◆ Problem statement
Once the line containing "norm (pd j F y" is found in the entries below, restate it and each following line word for word, stopping after the line containing "s *\<^sub>R axis".
= Beginning of Section =
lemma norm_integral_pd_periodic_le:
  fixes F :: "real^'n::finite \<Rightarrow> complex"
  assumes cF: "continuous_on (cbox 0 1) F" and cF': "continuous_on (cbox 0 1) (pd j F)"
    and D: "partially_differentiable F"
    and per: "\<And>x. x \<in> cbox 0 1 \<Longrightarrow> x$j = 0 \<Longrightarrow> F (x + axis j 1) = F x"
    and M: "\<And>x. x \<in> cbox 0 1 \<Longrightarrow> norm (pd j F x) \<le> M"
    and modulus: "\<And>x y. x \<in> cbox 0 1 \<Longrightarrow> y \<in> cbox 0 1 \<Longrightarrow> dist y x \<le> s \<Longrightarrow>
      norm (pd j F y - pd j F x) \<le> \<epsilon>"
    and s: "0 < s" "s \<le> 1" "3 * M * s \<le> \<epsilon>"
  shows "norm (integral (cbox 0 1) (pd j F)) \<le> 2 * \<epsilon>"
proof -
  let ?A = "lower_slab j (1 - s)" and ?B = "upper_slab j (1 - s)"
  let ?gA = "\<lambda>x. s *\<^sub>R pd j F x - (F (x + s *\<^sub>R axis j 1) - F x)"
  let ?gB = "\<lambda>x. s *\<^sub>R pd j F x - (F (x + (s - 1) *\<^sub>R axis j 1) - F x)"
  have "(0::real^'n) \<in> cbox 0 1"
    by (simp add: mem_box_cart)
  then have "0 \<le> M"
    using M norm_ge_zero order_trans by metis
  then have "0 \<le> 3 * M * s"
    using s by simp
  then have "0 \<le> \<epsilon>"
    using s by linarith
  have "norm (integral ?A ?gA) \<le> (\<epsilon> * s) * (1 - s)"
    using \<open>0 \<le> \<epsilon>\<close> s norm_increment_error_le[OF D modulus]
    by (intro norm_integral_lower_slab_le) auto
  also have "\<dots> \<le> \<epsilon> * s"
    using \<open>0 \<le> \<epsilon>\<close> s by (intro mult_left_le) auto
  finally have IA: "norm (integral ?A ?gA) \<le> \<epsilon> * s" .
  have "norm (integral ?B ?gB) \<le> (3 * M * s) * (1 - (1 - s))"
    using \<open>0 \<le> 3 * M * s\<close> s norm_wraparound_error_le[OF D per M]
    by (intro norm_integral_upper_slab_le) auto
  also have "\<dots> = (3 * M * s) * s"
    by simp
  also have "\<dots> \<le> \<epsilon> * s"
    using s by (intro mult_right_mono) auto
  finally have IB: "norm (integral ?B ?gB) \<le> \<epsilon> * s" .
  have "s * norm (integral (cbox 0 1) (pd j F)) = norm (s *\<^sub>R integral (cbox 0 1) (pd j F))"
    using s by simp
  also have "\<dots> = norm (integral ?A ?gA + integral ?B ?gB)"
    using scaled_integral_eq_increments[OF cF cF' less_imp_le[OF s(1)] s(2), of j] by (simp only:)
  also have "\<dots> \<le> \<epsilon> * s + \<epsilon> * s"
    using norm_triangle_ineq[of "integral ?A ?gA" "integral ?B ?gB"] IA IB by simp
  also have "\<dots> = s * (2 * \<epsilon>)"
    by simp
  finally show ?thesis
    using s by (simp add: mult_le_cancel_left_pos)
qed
= End of Section =
= Beginning of Section =
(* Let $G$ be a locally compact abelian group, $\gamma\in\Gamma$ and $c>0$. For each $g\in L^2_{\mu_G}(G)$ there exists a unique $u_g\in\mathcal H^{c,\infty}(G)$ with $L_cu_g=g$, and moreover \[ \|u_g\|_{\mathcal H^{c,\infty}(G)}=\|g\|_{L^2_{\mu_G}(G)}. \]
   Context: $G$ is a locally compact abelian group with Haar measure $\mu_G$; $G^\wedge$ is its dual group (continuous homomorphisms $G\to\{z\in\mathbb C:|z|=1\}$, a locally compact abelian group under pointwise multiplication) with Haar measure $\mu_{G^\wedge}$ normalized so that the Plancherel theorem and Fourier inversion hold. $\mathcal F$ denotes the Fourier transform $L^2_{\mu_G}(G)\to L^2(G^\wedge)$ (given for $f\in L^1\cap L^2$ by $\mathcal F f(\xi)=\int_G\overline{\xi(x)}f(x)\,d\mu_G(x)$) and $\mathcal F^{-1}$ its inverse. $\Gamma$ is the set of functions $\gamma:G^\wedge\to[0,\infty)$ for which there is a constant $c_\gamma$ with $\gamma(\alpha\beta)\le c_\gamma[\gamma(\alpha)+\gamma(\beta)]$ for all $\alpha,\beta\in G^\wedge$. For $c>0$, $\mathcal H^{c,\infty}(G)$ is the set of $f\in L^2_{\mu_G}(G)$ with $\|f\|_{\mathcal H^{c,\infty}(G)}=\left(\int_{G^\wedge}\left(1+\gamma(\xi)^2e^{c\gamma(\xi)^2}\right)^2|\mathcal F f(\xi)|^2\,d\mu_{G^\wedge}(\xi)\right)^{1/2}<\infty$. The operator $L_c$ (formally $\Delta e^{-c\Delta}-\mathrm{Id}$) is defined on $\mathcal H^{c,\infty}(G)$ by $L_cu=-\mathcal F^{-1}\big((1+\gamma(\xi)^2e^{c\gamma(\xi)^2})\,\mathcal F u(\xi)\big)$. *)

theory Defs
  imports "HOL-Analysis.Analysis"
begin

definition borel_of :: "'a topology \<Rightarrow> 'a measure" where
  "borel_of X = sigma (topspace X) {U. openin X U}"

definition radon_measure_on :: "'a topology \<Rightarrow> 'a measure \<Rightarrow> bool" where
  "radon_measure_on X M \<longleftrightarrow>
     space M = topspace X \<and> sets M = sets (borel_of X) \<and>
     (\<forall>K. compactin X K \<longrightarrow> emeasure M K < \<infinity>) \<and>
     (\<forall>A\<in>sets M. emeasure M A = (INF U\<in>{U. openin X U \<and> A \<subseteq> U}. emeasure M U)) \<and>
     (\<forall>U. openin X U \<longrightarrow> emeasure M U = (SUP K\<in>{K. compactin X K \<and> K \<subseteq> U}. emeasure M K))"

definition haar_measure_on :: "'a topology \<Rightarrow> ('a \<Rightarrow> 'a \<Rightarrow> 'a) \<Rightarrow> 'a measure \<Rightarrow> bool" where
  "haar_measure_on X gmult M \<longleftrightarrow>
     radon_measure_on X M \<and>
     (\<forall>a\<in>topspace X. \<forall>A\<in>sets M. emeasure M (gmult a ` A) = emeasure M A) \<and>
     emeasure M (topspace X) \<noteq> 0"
= End of Section =
◆ Completed task
      norm (pd j F y - pd j F x) \<le> \<epsilon>"
    and s: "0 < s" "s \<le> 1" "3 * M * s \<le> \<epsilon>"
  shows "norm (integral (cbox 0 1) (pd j F)) \<le> 2 * \<epsilon>"
proof -
  let ?A = "lower_slab j (1 - s)" and ?B = "upper_slab j (1 - s)"
  let ?gA = "\<lambda>x. s *\<^sub>R pd j F x - (F (x + s *\<^sub>R axis j 1) - F x)"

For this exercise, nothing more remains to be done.